I agree with what you've said, except I have no idea about whether or not he really has a 'Latino problem'. I know some sources have said he has, but I don't know that I'm willing to believe that Latinos are all so knee-jerk.

I've read articles that say that many Latinos support Clinton because of various forms of legislation she has sponsored, and because she has worked hard to reach out to them for some time, but I don't know that this translates into not being willing to vote for Obama versus someone who is much more strongly anti- illegal immigration.

quote:

Obama claims to be against ssm and for ssus, but he'd need to substantiate it with specifics

When I double-checked it yesterday when I wrote that, what I found was that he initially said he was against ssm and for ssu, but then changed his stance to not being against ssm, and would not stand in the way of ssm legislation.

quote:

Who fetched it? I'm curious what that statement looked like in its original form.

Refers back to a statement that Jesse made in the Misc Chat thread where he said many Republicans would vote for Obama because they are tired of divisiveness in government.

quote:

Politics is funny. Try going back to 1986 and trying to persuade folks that the 21st century would begin with the USA declaring war on a small band of cave-dwellers in Afghanistan and that the war would last more than seven years.
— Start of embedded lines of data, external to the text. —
(* Fix $\lambda>0$. (i) For every $\phi\in\mathscr F$, $\mathcal M^\lambda\phi(x)\in\mathbb R$ for all $x\in\mathbb R$. (ii) For all $\phi_1,\phi_2\in\mathscr F$, $\|\mathcal M^\lambda\phi_1-\mathcal M^\lambda\phi_2\|_{L^\infty(\mathbb R)}\le\|\phi_1-\phi_2\|_{L^\infty(\mathbb R)}$. (iii) $\mathcal M^\lambda$ is concave: for $\phi_1,\phi_2\in\mathscr F$ and $\eta\in[0,1]$, $\mathcal M^\lambda[\eta\phi_1+(1-\eta)\phi_2]\ge\eta\mathcal M^\lambda\phi_1+(1-\eta)\mathcal M^\lambda\phi_2$. (iv) $\mathcal M^\lambda$ is nondecreasing: if $\phi_1,\phi_2\in\mathscr F$ with $\phi_1\le\phi_2$ on $\mathbb R$, then $\mathcal M^\lambda\phi_1\le\mathcal M^\lambda\phi_2$.
   Context: Let $l:\mathbb R\to\mathbb R$ satisfy: there is $K>0$ with $\inf l=l(0)=K$ and $l(x)+l(y)\ge l(x+y)+K$ for all $x,y$; $l(\xi)\to+\infty$ as $|\xi|\to\infty$; $l$ is $L_l$-Lipschitz for some $L_l>0$. For $x\in\mathbb R$, $\Phi_x=\mathcal N(-x,1)$. For $\lambda>0$ and $\phi$ bounded below, $\mathcal M^\lambda\phi(x)=\inf\{\int_{\mathbb R}(\phi(x+\xi)+l(\xi))\mu(d\xi)+\lambda D_{KL}(\mu\|\Phi_x)\}$, infimum over probability measures $\mu$ on $\mathbb R$ with $\mu\ll\Phi_x$, where $D_{KL}(\mu\|\Phi_x)=\int\frac{d\mu}{d\Phi_x}\log\frac{d\mu}{d\Phi_x}\,d\Phi_x$. $\mathscr F$ is the set of $\phi:\mathbb R\to\mathbb R$ with $\inf_x\phi(x)\in\mathbb R$ and $\sup_x|\phi(x)|/(1+|x|^\beta)<\infty$ for some $\beta\ge0$. *)

theory Defs
  imports "HOL-Probability.Probability"
begin

text \<open>Extended-real integral of a real function: positive part minus negative part
  (used only for integrands bounded below, so the negative part is finite and the
  value lies in (-infinity, +infinity]).\<close>
definition eint :: "real measure \<Rightarrow> (real \<Rightarrow> real) \<Rightarrow> ereal" where
  "eint M g = enn2ereal (\<integral>\<^sup>+ t. ennreal (max (g t) 0) \<partial>M)
              - enn2ereal (\<integral>\<^sup>+ t. ennreal (max (- g t) 0) \<partial>M)"

definition Phi :: "real \<Rightarrow> real measure" where
  "Phi x = density lborel (normal_density (- x) 1)"

definition DKL :: "real measure \<Rightarrow> real measure \<Rightarrow> ereal" where
  "DKL mu nu = eint nu (\<lambda>t. enn2real (RN_deriv nu mu t) * ln (enn2real (RN_deriv nu mu t)))"

definition admissible :: "real \<Rightarrow> real measure set" where
  "admissible x = {mu. prob_space mu \<and> sets mu = sets borel \<and> absolutely_continuous (Phi x) mu}"

definition Mop :: "(real \<Rightarrow> real) \<Rightarrow> real \<Rightarrow> (real \<Rightarrow> real) \<Rightarrow> real \<Rightarrow> ereal" where
  "Mop l lam phi x = (INF mu \<in> admissible x.
      eint mu (\<lambda>\<xi>. phi (x + \<xi>) + l \<xi>) + ereal lam * DKL mu (Phi x))"

text \<open>The class script-F (Borel measurability made explicit, needed for the integrals).\<close>
definition FF :: "(real \<Rightarrow> real) set" where
  "FF = {phi. phi \<in> borel_measurable borel \<and> bdd_below (range phi) \<and>
          (\<exists>\<beta>\<ge>0. bdd_above (range (\<lambda>x. \<bar>phi x\<bar> / (1 + \<bar>x\<bar> powr \<beta>))))}"

definition Linf :: "(real \<Rightarrow> real) \<Rightarrow> ereal" where
  "Linf g = esssup lborel (\<lambda>x. ereal \<bar>g x\<bar>)"

end

theory Submission
  imports Defs
begin

text \<open>
  \<open>M\<^sup>\<lambda>\<phi>(x)\<close> is the infimum over admissible \<open>\<mu>\<close> of the objective
  \<open>\<integral>(\<phi>(x + \<xi>) + l(\<xi>)) d\<mu> + \<lambda> D\<^sub>K\<^sub>L(\<mu> \<parallel> \<Phi>\<^sub>x)\<close>, which for fixed \<open>\<mu>\<close> is monotone and
  affine in \<open>\<phi>\<close>. An infimum of such maps is monotone and concave, and since adding a constant
  to \<open>\<phi>\<close> adds it to every objective, it is 1-Lipschitz for the sup norm; the norm may be taken
  essential because every admissible \<open>\<mu>\<close> is absolutely continuous w.r.t. Lebesgue measure.

  Finiteness: every objective is at least \<open>inf \<phi> + inf l - \<lambda>\<close> (as \<open>r ln r \<ge> -1\<close>), and the
  choice \<open>\<mu> = \<Phi>\<^sub>x\<close> gives a finite value because \<open>\<phi>\<close> grows polynomially and \<open>l\<close> linearly.
  The essential supremum of \<open>M\<^sup>\<lambda>\<phi>\<^sub>1 - M\<^sup>\<lambda>\<phi>\<^sub>2\<close> requires measurability, which comes from
  Lipschitz continuity in \<open>x\<close>: translating \<open>\<mu>\<close> by \<open>h\<close> leaves the divergence unchanged and
  moves the cost \<open>l\<close> by at most \<open>L\<^sub>l |h|\<close>.
\<close>

section \<open>Integrals bounded below\<close>

lemma eint_mono_AE:
  assumes "AE t in M. f t \<le> g t"
  shows "eint M f \<le> eint M g"
proof -
  have "(\<integral>\<^sup>+ t. ennreal (max (f t) 0) \<partial>M) \<le> (\<integral>\<^sup>+ t. ennreal (max (g t) 0) \<partial>M)"
       "(\<integral>\<^sup>+ t. ennreal (max (- g t) 0) \<partial>M) \<le> (\<integral>\<^sup>+ t. ennreal (max (- f t) 0) \<partial>M)"
    by (intro nn_integral_mono_AE; use assms in \<open>auto elim!: eventually_mono intro: ennreal_leI\<close>)+
  then show ?thesis
    unfolding eint_def by (intro ereal_minus_mono) (simp_all add: less_eq_ennreal.rep_eq)
qed

lemma eint_distr:
  assumes [measurable]: "f \<in> borel_measurable N" "T \<in> measurable M N"
  shows "eint (distr M N T) f = eint M (\<lambda>x. f (T x))"
  unfolding eint_def by (simp add: nn_integral_distr)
Yeah, it is, but many of the people that are supporting him are hardcore Bush/Republican/conservative-haters who aren't inclined to begin with to like anything that surrounds any of those people or parties. They certainly aren't going to become more moderate, even if he is more moderate than they are, and behaves more courteously than they do, which I believe he is and often will.


Jesse:

quote:

Independents and Decline to State increase yearly, and several States don't record a party affiliation at all.
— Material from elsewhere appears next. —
(* Let $\Gamma>0$. For $M\ge1$ and $s>\sqrt M$ define $$\tilde\rho^{M,{\rm d}}(s)=\frac{e^{\beta f(\Gamma,1/\pi)}}{M^{\Gamma/4}}\exp\Big(-\frac{M\Gamma}{2}\Big(\frac{s^2}{M}-1\Big)+M\Gamma\log\frac{s}{\sqrt M}-\frac\Gamma2\log\Big(\frac{s^2}{M}-1\Big)\Big),$$ and for $s<0$ define $$\tilde\rho^{M,{\rm c}}(s)=\Big(\frac{2\pi}{\sqrt M}\Big)^{\Gamma/2}e^{\beta f(\Gamma,1)}\frac{e^{-\Gamma\pi s^2+\Gamma\pi s/\sqrt M}}{(1-e^{4\pi s/\sqrt M})^{\Gamma/2}}.$$ Then for every fixed $y<0$, $$\lim_{N\to\infty}\tilde\rho^{N+1,{\rm d}}\big(\sqrt N-y\big)=\lim_{N\to\infty}\frac1\pi\,\tilde\rho^{N,{\rm c}}\big(y/\sqrt\pi\big)=e^{\beta f(\Gamma,1/\pi)}\frac{e^{-\Gamma y^2}}{(2|y|)^{\Gamma/2}}.$$
   Context: $\beta f(\Gamma,\rho_b)$ is the dimensionless free energy per particle of the two-dimensional one-component plasma at coupling $\Gamma$ and background density $\rho_b$: $\beta f(\Gamma,\rho_b)=\lim_{N\to\infty}-\frac1N\log Z^{\rm d}_{N,\Gamma}(\rho_b)$ with $Z^{\rm d}_{N,\Gamma}(\rho_b)=\frac1{N!}\int_{(\mathbb R^2)^N}e^{-\Gamma N^2(\frac12\log R-\frac38)}e^{-\pi\Gamma\rho_b\sum_j|\vec r_j|^2/2}\prod_{j<k}|\vec r_k-\vec r_j|^\Gamma\,d\vec r_1\cdots d\vec r_N$, $R=\sqrt{N/(\pi\rho_b)}$. It is known that $\beta f(\Gamma,\rho_b)=(1-\frac\Gamma4)\log\rho_b+g(\Gamma)$ for a function $g$ independent of $\rho_b$. The functions $\tilde\rho^{M,{\rm d}}$ and $\tilde\rho^{M,{\rm c}}$ are the large-deviation forms (without the $o(1)$ terms) of the one-body density outside the plasma in the soft disk ($\rho_b=1/\pi$, unscaled radial coordinate $s$) and soft cylinder ($\rho_b=1$, $L=W=\sqrt M$, unscaled axial coordinate $s$) respectively. *)

theory Defs
  imports "HOL-Analysis.Analysis"
begin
About the increase yearly, I'm not sure if that is true, or is true nationally.

http://tinyurl.com/2d34ul

http://www.harrisinteractive.com/harris_poll/index.asp?PID=727

I do stand corrected on the number of people who say they are independents, though. I had thought it was lower.


quote:

Why would Democrats cross party lines to vote Republican? Millions did in 1980 1984 2000 and 2004 Presidential election.

I can see 1980, but would be curious to see numbers for the rest.

One of the largest reasons that I don't see Dems or Repubs crossing to vote for each other's candidates is because almost all the polls I've seen since about 2000 indicate that Repubs and Dems see eye to eye on very little. That is, a large proportion of Dems usually dislike Bush, while a large proportion of Repubs support him. Likewise, the WoT, gun registration, right to life, etc usually show fairly substantial percentages of divide based on party affiliation.

Of course, this isn't to say that there aren't issues where there aren't sharp divides, or where people are strongly for or against an issue, and weakly for or against it, compared to the average for their party.

quote:

We all like to think that our issues, the war, or corrupt donors, of SSM, or abortion, or gun rights, are the issues of our parties, and that anyone with the same party on our registration must agree with us. 'Taint so.

While you might like to think that, I don't.

On the other hand, I do think that belonging to a party means something, that the parties themselves are not that similar; that people tend to support what they belong to, and that the culture itself encourages people into combat with the other party, rather than seeing the other side's point of view. As mentioned above, I think polls tend to bear me out on this.

quote:

Most people vote based on how the candidate makes them feel, not on specific policies. It's the same way most of them buy cars.

As depressing as it is to say, I agree with this.

Regarding Latinos, see my comments above.